» THE TASK
Output the data below in full, byte for byte. Nothing may differ.
[Opening TASK MATERIAL section]
(* For the dilution model with $N$ items and $K$ defectives, random Bernoulli$(1/K)$ design and maximum-likelihood decoding, in the regime $N,K\to\infty$ with $K=o(N)$, a number of tests $T=O\!\left(\frac{K\log N}{(1-u)^2}\right)$ is achievable (arbitrarily small average error probability), where $u\in[0,1)$ is the crossover probability of the Z-channel (the probability that $1$ is flipped into $0$).
   Context: Design: $N\times T$ binary matrix with i.i.d. Bernoulli$(1/K)$ entries, $X_j(t)=1$ iff item $j$ is in test $t$. Dilution model: for defective set $S$ ($|S|=K$), $Y(t)=\bigvee_{j\in S}\mathcal Z_{j,t}(X_j(t))$, where each $\mathcal Z_{j,t}$ is an independent use of a Z-channel mapping input $0$ to $0$ with probability $1$ and input $1$ to $0$ with probability $u$ and to $1$ with probability $1-u$. The ML decoder chooses a $K$-subset $S'$ maximizing $p(Y^T\mid\mathbf X_{S'})$; average error probability is averaged over the design, the channel, and $S$ uniform among $K$-subsets. *)

theory Defs
  imports Complex_Main
begin
lemma reward_deviation_le:
  fixes r :: "nat \<Rightarrow> 'x::finite \<Rightarrow> 'u::finite \<Rightarrow> 'x distK \<Rightarrow> 'u distK \<Rightarrow> real"
    and pol :: "nat \<Rightarrow> 'x \<Rightarrow> 'x distK \<Rightarrow> 'u pmf"
  assumes K_pos: "K \<ge> 1" and N_pos: "\<forall>k\<in>{1..K}. N k \<ge> 1"
    and r_lip: "\<forall>k\<in>{1..K}. \<forall>x u mu1 nu1 mu2 nu2.
        is_distK K mu1 \<and> is_distK K nu1 \<and> is_distK K mu2 \<and> is_distK K nu2 \<longrightarrow>
        \<bar>r k x u mu1 nu1 - r k x u mu2 nu2\<bar> \<le> L_R * (l1K K mu1 mu2 + l1K K nu1 nu2)"
  shows "\<bar>(1 / real (\<Sum>k\<in>{1..K}. N k)) *
              (\<Sum>k\<in>{1..K}. \<Sum>j\<in>{1..N k}. r k (s (k, j)) (a (k, j)) (emp N s) (emp N a))
           - (\<Sum>k\<in>{1..K}. (real (N k) / real (\<Sum>k'\<in>{1..K}. N k')) * rMF r k (emp N s) pol)\<bar>
    \<le> L_R * l1K K (emp N a) (nuMF (emp N s) pol)
      + \<bar>\<Sum>i\<in>agents K N. r (fst i) (s i) (a i) (emp N s) (nuMF (emp N s) pol)
           - measure_pmf.expectation (pol (fst i) (s i) (emp N s))
               (\<lambda>b. r (fst i) (s i) b (emp N s) (nuMF (emp N s) pol))\<bar> / real (\<Sum>k\<in>{1..K}. N k)"
proof -
  define n where "n = real (\<Sum>k\<in>{1..K}. N k)"
  define mu where "mu = emp N s"
  define nu where "nu = nuMF mu pol"
  define G where "G i b = r (fst i) (s i) b mu nu" for i b
  define EG where "EG i = measure_pmf.expectation (pol (fst i) (s i) mu) (G i)" for i
  have "(1, 1) \<in> agents K N"
    using K_pos N_pos by (auto simp: agents_def)
  then have "card (agents K N) > 0"
    by (auto simp: card_gt_0_iff)
  then have n_pos: "n > 0"
    unfolding n_def card_agents[symmetric] by simp
  have dists: "is_distK K mu" "is_distK K (emp N a)" "is_distK K nu"
    unfolding mu_def nu_def by (intro is_distK_emp is_distK_nuMF N_pos)+
  have mean_field: "(\<Sum>k\<in>{1..K}. (real (N k) / n) * rMF r k mu pol) = (\<Sum>i\<in>agents K N. EG i) / n"
    unfolding mu_def nu_def EG_def G_def by (rule sum_weighted_rMF_emp[OF N_pos])
  have lipschitz: "\<bar>r (fst i) (s i) (a i) mu (emp N a) - G i (a i)\<bar> \<le> L_R * l1K K (emp N a) nu"
    if "i \<in> agents K N" for i
  proof -
    have "fst i \<in> {1..K}"
      using that by (auto simp: agents_def)
    with r_lip dists have "\<bar>r (fst i) (s i) (a i) mu (emp N a) - G i (a i)\<bar>
        \<le> L_R * (l1K K mu mu + l1K K (emp N a) nu)"
      unfolding G_def by blast
    then show ?thesis
      by (simp add: l1K_def)
  qed
  have "(\<Sum>i\<in>agents K N. \<bar>r (fst i) (s i) (a i) mu (emp N a) - G i (a i)\<bar>)
      \<le> (\<Sum>i\<in>agents K N. L_R * l1K K (emp N a) nu)"
    using lipschitz by (rule sum_mono)
  also have "\<dots> = n * (L_R * l1K K (emp N a) nu)"
    by (simp add: n_def card_agents)
  finally have "(\<Sum>i\<in>agents K N. \<bar>r (fst i) (s i) (a i) mu (emp N a) - G i (a i)\<bar>)
      \<le> n * (L_R * l1K K (emp N a) nu)" .
  then have lipschitz_part: "(\<Sum>i\<in>agents K N. \<bar>r (fst i) (s i) (a i) mu (emp N a) - G i (a i)\<bar>) / n
      \<le> L_R * l1K K (emp N a) nu"
    using n_pos by (simp add: divide_le_eq mult.commute)
  have "(1 / n) * (\<Sum>k\<in>{1..K}. \<Sum>j\<in>{1..N k}. r k (s (k, j)) (a (k, j)) mu (emp N a))
        - (\<Sum>k\<in>{1..K}. (real (N k) / n) * rMF r k mu pol)
      = (\<Sum>i\<in>agents K N. r (fst i) (s i) (a i) mu (emp N a) - G i (a i)) / n
        + (\<Sum>i\<in>agents K N. G i (a i) - EG i) / n"
    unfolding mean_field by (simp add: sum_agents sum_subtractf diff_divide_distrib)
  then have "\<bar>(1 / n) * (\<Sum>k\<in>{1..K}. \<Sum>j\<in>{1..N k}. r k (s (k, j)) (a (k, j)) mu (emp N a))
        - (\<Sum>k\<in>{1..K}. (real (N k) / n) * rMF r k mu pol)\<bar>
      \<le> (\<Sum>i\<in>agents K N. \<bar>r (fst i) (s i) (a i) mu (emp N a) - G i (a i)\<bar>) / n
        + \<bar>\<Sum>i\<in>agents K N. G i (a i) - EG i\<bar> / n"
    using n_pos by (simp add: abs_divide divide_right_mono sum_abs order_trans[OF abs_triangle_ineq])
  with lipschitz_part show ?thesis
    unfolding n_def mu_def nu_def G_def EG_def by linarith
qed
[Closing TASK MATERIAL section]
» FINAL ANSWER
(* For the dilution model with $N$ items and $K$ defectives, random Bernoulli$(1/K)$ design and maximum-likelihood decoding, in the regime $N,K\to\infty$ with $K=o(N)$, a number of tests $T=O\!\left(\frac{K\log N}{(1-u)^2}\right)$ is achievable (arbitrarily small average error probability), where $u\in[0,1)$ is the crossover probability of the Z-channel (the probability that $1$ is flipped into $0$).
   Context: Design: $N\times T$ binary matrix with i.i.d. Bernoulli$(1/K)$ entries, $X_j(t)=1$ iff item $j$ is in test $t$. Dilution model: for defective set $S$ ($|S|=K$), $Y(t)=\bigvee_{j\in S}\mathcal Z_{j,t}(X_j(t))$, where each $\mathcal Z_{j,t}$ is an independent use of a Z-channel mapping input $0$ to $0$ with probability $1$ and input $1$ to $0$ with probability $u$ and to $1$ with probability $1-u$. The ML decoder chooses a $K$-subset $S'$ maximizing $p(Y^T\mid\mathbf X_{S'})$; average error probability is averaged over the design, the channel, and $S$ uniform among $K$-subsets. *)

theory Defs
  imports Complex_Main
begin
lemma reward_deviation_le:
  fixes r :: "nat \<Rightarrow> 'x::finite \<Rightarrow> 'u::finite \<Rightarrow> 'x distK \<Rightarrow> 'u distK \<Rightarrow> real"
    and pol :: "nat \<Rightarrow> 'x \<Rightarrow> 'x distK \<Rightarrow> 'u pmf"
  assumes K_pos: "K \<ge> 1" and N_pos: "\<forall>k\<in>{1..K}. N k \<ge> 1"
    and r_lip: "\<forall>k\<in>{1..K}. \<forall>x u mu1 nu1 mu2 nu2.
        is_distK K mu1 \<and> is_distK K nu1 \<and> is_distK K mu2 \<and> is_distK K nu2 \<longrightarrow>
        \<bar>r k x u mu1 nu1 - r k x u mu2 nu2\<bar> \<le> L_R * (l1K K mu1 mu2 + l1K K nu1 nu2)"
  shows "\<bar>(1 / real (\<Sum>k\<in>{1..K}. N k)) *
              (\<Sum>k\<in>{1..K}. \<Sum>j\<in>{1..N k}. r k (s (k, j)) (a (k, j)) (emp N s) (emp N a))
           - (\<Sum>k\<in>{1..K}. (real (N k) / real (\<Sum>k'\<in>{1..K}. N k')) * rMF r k (emp N s) pol)\<bar>
    \<le> L_R * l1K K (emp N a) (nuMF (emp N s) pol)
      + \<bar>\<Sum>i\<in>agents K N. r (fst i) (s i) (a i) (emp N s) (nuMF (emp N s) pol)
           - measure_pmf.expectation (pol (fst i) (s i) (emp N s))
               (\<lambda>b. r (fst i) (s i) b (emp N s) (nuMF (emp N s) pol))\<bar> / real (\<Sum>k\<in>{1..K}. N k)"
proof -
  define n where "n = real (\<Sum>k\<in>{1..K}. N k)"
  define mu where "mu = emp N s"
  define nu where "nu = nuMF mu pol"
  define G where "G i b = r (fst i) (s i) b mu nu" for i b
  define EG where "EG i = measure_pmf.expectation (pol (fst i) (s i) mu) (G i)" for i
  have "(1, 1) \<in> agents K N"
    using K_pos N_pos by (auto simp: agents_def)
  then have "card (agents K N) > 0"
    by (auto simp: card_gt_0_iff)
  then have n_pos: "n > 0"
    unfolding n_def card_agents[symmetric] by simp
  have dists: "is_distK K mu" "is_distK K (emp N a)" "is_distK K nu"
    unfolding mu_def nu_def by (intro is_distK_emp is_distK_nuMF N_pos)+
  have mean_field: "(\<Sum>k\<in>{1..K}. (real (N k) / n) * rMF r k mu pol) = (\<Sum>i\<in>agents K N. EG i) / n"
    unfolding mu_def nu_def EG_def G_def by (rule sum_weighted_rMF_emp[OF N_pos])
  have lipschitz: "\<bar>r (fst i) (s i) (a i) mu (emp N a) - G i (a i)\<bar> \<le> L_R * l1K K (emp N a) nu"
    if "i \<in> agents K N" for i
  proof -
    have "fst i \<in> {1..K}"
      using that by (auto simp: agents_def)
    with r_lip dists have "\<bar>r (fst i) (s i) (a i) mu (emp N a) - G i (a i)\<bar>
        \<le> L_R * (l1K K mu mu + l1K K (emp N a) nu)"
      unfolding G_def by blast
    then show ?thesis
      by (simp add: l1K_def)
  qed
  have "(\<Sum>i\<in>agents K N. \<bar>r (fst i) (s i) (a i) mu (emp N a) - G i (a i)\<bar>)
      \<le> (\<Sum>i\<in>agents K N. L_R * l1K K (emp N a) nu)"
    using lipschitz by (rule sum_mono)
  also have "\<dots> = n * (L_R * l1K K (emp N a) nu)"
    by (simp add: n_def card_agents)
  finally have "(\<Sum>i\<in>agents K N. \<bar>r (fst i) (s i) (a i) mu (emp N a) - G i (a i)\<bar>)
      \<le> n * (L_R * l1K K (emp N a) nu)" .
  then have lipschitz_part: "(\<Sum>i\<in>agents K N. \<bar>r (fst i) (s i) (a i) mu (emp N a) - G i (a i)\<bar>) / n
      \<le> L_R * l1K K (emp N a) nu"
    using n_pos by (simp add: divide_le_eq mult.commute)
  have "(1 / n) * (\<Sum>k\<in>{1..K}. \<Sum>j\<in>{1..N k}. r k (s (k, j)) (a (k, j)) mu (emp N a))
        - (\<Sum>k\<in>{1..K}. (real (N k) / n) * rMF r k mu pol)
      = (\<Sum>i\<in>agents K N. r (fst i) (s i) (a i) mu (emp N a) - G i (a i)) / n
        + (\<Sum>i\<in>agents K N. G i (a i) - EG i) / n"
    unfolding mean_field by (simp add: sum_agents sum_subtractf diff_divide_distrib)
  then have "\<bar>(1 / n) * (\<Sum>k\<in>{1..K}. \<Sum>j\<in>{1..N k}. r k (s (k, j)) (a (k, j)) mu (emp N a))
        - (\<Sum>k\<in>{1..K}. (real (N k) / n) * rMF r k mu pol)\<bar>
      \<le> (\<Sum>i\<in>agents K N. \<bar>r (fst i) (s i) (a i) mu (emp N a) - G i (a i)\<bar>) / n
        + \<bar>\<Sum>i\<in>agents K N. G i (a i) - EG i\<bar> / n"
    using n_pos by (simp add: abs_divide divide_right_mono sum_abs order_trans[OF abs_triangle_ineq])
  with lipschitz_part show ?thesis
    unfolding n_def mu_def nu_def G_def EG_def by linarith
qed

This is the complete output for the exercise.